In order to address the segmental organization and homology of the proboscis vis-a-vis legs and antennae, we have studied wild-type labial discs, as well as the individual and combined effects of pb and Scr mutations on the distribution of the known appendage and homeotic genes in the labial anlagen. Both hth and exd are required for proximal leg development and the formation of antennal structures (Casares and Mann, 1998). We found that wild-type labial discs expressed low levels of Hth and Exd, pb mutants displayed levels of Hth and Exd that were comparable with wild-type legs and antennae, and that ectopic expression of Pb in other imaginal discs suppressed Exd. Furthermore, we provide evidence that Pb is both required and sufficient to suppress dac in all appendages, thereby preventing formation of structures that correspond to the intermediate portions of legs or antennae.
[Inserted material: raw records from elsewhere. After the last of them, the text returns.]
lemma ap_dini_lower_right_PInfty_D:
  assumes "ap_dini_lower_right I f y = \<infinity>"
  obtains \<delta>0 where "\<delta>0 > 0"
    and "\<And>\<delta>. 0 < \<delta> \<Longrightarrow> \<delta> < \<delta>0 \<Longrightarrow>
           \<exists>s\<in>I. y + \<delta> / 2 \<le> s \<and> s < y + \<delta> \<and> T * (s - y) \<le> f s - f y"
proof -
  define G where "G t \<delta> = {s \<in> I \<inter> {y<..<y+\<delta>}. (f s - f y) / (s - y) \<ge> t}" for t \<delta>
  have "ereal T < ap_dini_lower_right I f y"
    using assms by simp
  then obtain t where "T < t" and density: "((\<lambda>\<delta>. measure lebesgue (G t \<delta>) / \<delta>) \<longlongrightarrow> 1) (at_right 0)"
    unfolding ap_dini_lower_right_def less_Sup_iff G_def by auto
  have "\<forall>\<^sub>F \<delta> in at_right 0. 1 / 2 < measure lebesgue (G t \<delta>) / \<delta>"
    by (rule order_tendstoD(1)[OF density]) simp
  then obtain \<delta>0 where "\<delta>0 > 0"
    and half: "\<And>\<delta>. 0 < \<delta> \<Longrightarrow> \<delta> < \<delta>0 \<Longrightarrow> 1 / 2 < measure lebesgue (G t \<delta>) / \<delta>"
    unfolding eventually_at_right_field by auto
  show thesis
  proof (rule that[OF \<open>\<delta>0 > 0\<close>])
    fix \<delta> :: real assume "0 < \<delta>" "\<delta> < \<delta>0"
    then have "\<delta> / 2 < measure lebesgue (G t \<delta>)"
      using half[of \<delta>] by (simp add: less_divide_eq)
    then obtain s where s: "s \<in> G t \<delta>" "y + \<delta> / 2 \<le> s"
      using measure_gt_half_imp_upper_half_point[of "G t \<delta>" y \<delta>] \<open>0 < \<delta>\<close>
      unfolding G_def by blast
    then have "y < s" "t * (s - y) \<le> f s - f y"
      unfolding G_def by (auto simp: pos_le_divide_eq)
    moreover have "T * (s - y) \<le> t * (s - y)"
      using \<open>T < t\<close> \<open>y < s\<close> by simp
    ultimately have "T * (s - y) \<le> f s - f y"
      by linarith
    with s show "\<exists>s\<in>I. y + \<delta> / 2 \<le> s \<and> s < y + \<delta> \<and> T * (s - y) \<le> f s - f y"
      unfolding G_def by auto
  qed
qed

lemma dini_lower_left_MInfty_steep_point:
  assumes "dini_lower_left I f y = -\<infinity>" "continuous_on I f" "y \<in> I" "\<epsilon> > 0" "\<eta> > 0"
  obtains x where "x \<in> I" "y - \<epsilon> < x" "x < y" "M * (y - x) < f x - f y" "f x - f y < \<eta>"
proof -
  let ?F = "at y within I \<inter> {..<y}"
  have "(f \<longlongrightarrow> f y) ?F"
    using assms(2,3) continuous_on_eq_continuous_within continuous_within tendsto_within_subset
    by (metis inf_le1)
  then have "\<forall>\<^sub>F x in ?F. dist (f x) (f y) < \<eta>"
    using assms(5) by (rule tendstoD)
  with assms(1) have "\<exists>\<^sub>F x in ?F. (f x - f y) / (x - y) < - M \<and> dist (f x) (f y) < \<eta>"
    unfolding dini_lower_left_def Liminf_eq_MInfty_iff
    by (auto intro: frequently_eventually_frequently)
  then obtain x where x: "x \<in> I" "x < y" "dist x y < \<epsilon>"
    and quot: "(f x - f y) / (x - y) < - M" and "dist (f x) (f y) < \<eta>"
    using assms(4) unfolding frequently_at by blast
  moreover have "M * (y - x) < f x - f y"
    using quot x(2) by (simp add: divide_less_eq algebra_simps)
  ultimately show thesis
    by (intro that) (auto simp: dist_real_def)
qed

lemma ap_dini_lower_right_PInfty_level_points:
  assumes I: "is_interval I" and f: "continuous_on I f" and "y \<in> I"
    and right: "ap_dini_lower_right I f y = \<infinity>" and "T > 0"
  obtains \<delta>0 where "\<delta>0 > 0"
    and "\<And>a. 0 < a \<Longrightarrow> 2 * a / T < \<delta>0 \<Longrightarrow> \<exists>z\<in>I. y < z \<and> z < y + 2 * a / T \<and> f z = f y + a"
proof -
  obtain \<delta>0 where "\<delta>0 > 0" and right_points: "\<And>\<delta>. 0 < \<delta> \<Longrightarrow> \<delta> < \<delta>0 \<Longrightarrow>
      \<exists>s\<in>I. y + \<delta> / 2 \<le> s \<and> s < y + \<delta> \<and> T * (s - y) \<le> f s - f y"
    using ap_dini_lower_right_PInfty_D[OF right] by blast
  show thesis
  proof (rule that[OF \<open>\<delta>0 > 0\<close>])
    fix a :: real assume "0 < a" "2 * a / T < \<delta>0"
    define \<delta> where "\<delta> = 2 * a / T"
    have "0 < \<delta>" "T * \<delta> = 2 * a"
      using \<open>0 < a\<close> \<open>T > 0\<close> unfolding \<delta>_def by auto
    then obtain s where s: "s \<in> I" "y + \<delta> / 2 \<le> s" "s < y + \<delta>" "T * (s - y) \<le> f s - f y"
      using right_points \<open>2 * a / T < \<delta>0\<close> unfolding \<delta>_def by blast
    have "a \<le> T * (s - y)"
      using \<open>T * \<delta> = 2 * a\<close> s(2) \<open>T > 0\<close> mult_left_mono[of "\<delta> / 2" "s - y" T] by simp
    then have "f y \<le> f y + a" "f y + a \<le> f s" "y \<le> s"
      using \<open>0 < a\<close> \<open>0 < \<delta>\<close> s(2,4) by simp_all
    moreover have "{y..s} \<subseteq> I"
      using I \<open>y \<in> I\<close> s(1) unfolding is_interval_1 by (meson atLeastAtMost_iff subsetI)
    ultimately obtain z where z: "y \<le> z" "z \<le> s" "f z = f y + a"
      using IVT'[of f y "f y + a" s] continuous_on_subset[OF f] by blast
    have "y \<noteq> z"
      using z(3) \<open>0 < a\<close> by auto
    with z \<open>{y..s} \<subseteq> I\<close> s(3) show "\<exists>z\<in>I. y < z \<and> z < y + 2 * a / T \<and> f z = f y + a"
      unfolding \<delta>_def by (intro bexI[of _ z]) auto
  qed
qed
In addition, Pb suppresses sal expression; for example, ectopic expression of Pb in the eye-antennal disc suppresses sal and phenotypically transforms the antenna to maxillary palp. However, Teashirt (Tsh), another protein necessary for proximal leg development is not expressed either in wild-type labial discs or in those that are mutant for either Scr or pb. Dll, the most distally expressed appendage gene, is restricted to a small area located opposite the peripodial stalk in wild-type labial discs and is downregulated by both Scr and Pb. We conclude from these observations that the proboscis represents a highly modified appendage missing the regulatory program to properly specify the coxa (Cx), trochanter (Tr), femur (Fm) and, at least part of, the tibia (Tb). We argue that this modification is due in large part to the action of Pb and Scr. The distal portion of the appendage, homologous to the leg tarsus (Tar) and antennal arista (Ar), is present but is completely re-patterned, owing to the joint effect of Pb and Scr.
We have also investigated possible regulatory effects of the gnathal homeotic genes on each other. It has been shown that Dfd and Scr positively regulate pb and are required for its correct deployment during embryogenesis (Rusch and Kaufman, 2000). We confirm that Pb and Scr are co-expressed in most of the labial disc, while Dfd is expressed in a small proximal domain separate from the expression domains of Pb and Scr (Mahaffey and Kaufman, 1987; Randazzo et al., 1991). We report that Pb is necessary for Scr expression in the distal but not in the proximal half of the labial disc. We propose a model for the imaginal disc regulation of the gnathal Hox genes that is strikingly different from the one demonstrated for the same genes in the embryo (Rusch and Kaufman, 2000).
Dll is required for the development of the labellar structures on the distal part of the proboscis, such as pseudotracheae and border hairs (Cohen and Jürgens, 1989). The Dll expression domain for wild-type and mutant discs in the part of the labial disc opposite the peripodial stalk argues for a revision of the existing fate map (Kumar et al., 1979). We suggest that the proximodistal axis of the proboscis coincides with the main anatomical axis of the labial disc. This is supported by the expression domains of Pb and Scr, both of which are required for development of the labellar structures and are expressed chiefly in the distal two-thirds of the labial disc (Mahaffey and Kaufman, 1987; Randazzo et al., 1991; Pattatucci and Kaufman, 1991).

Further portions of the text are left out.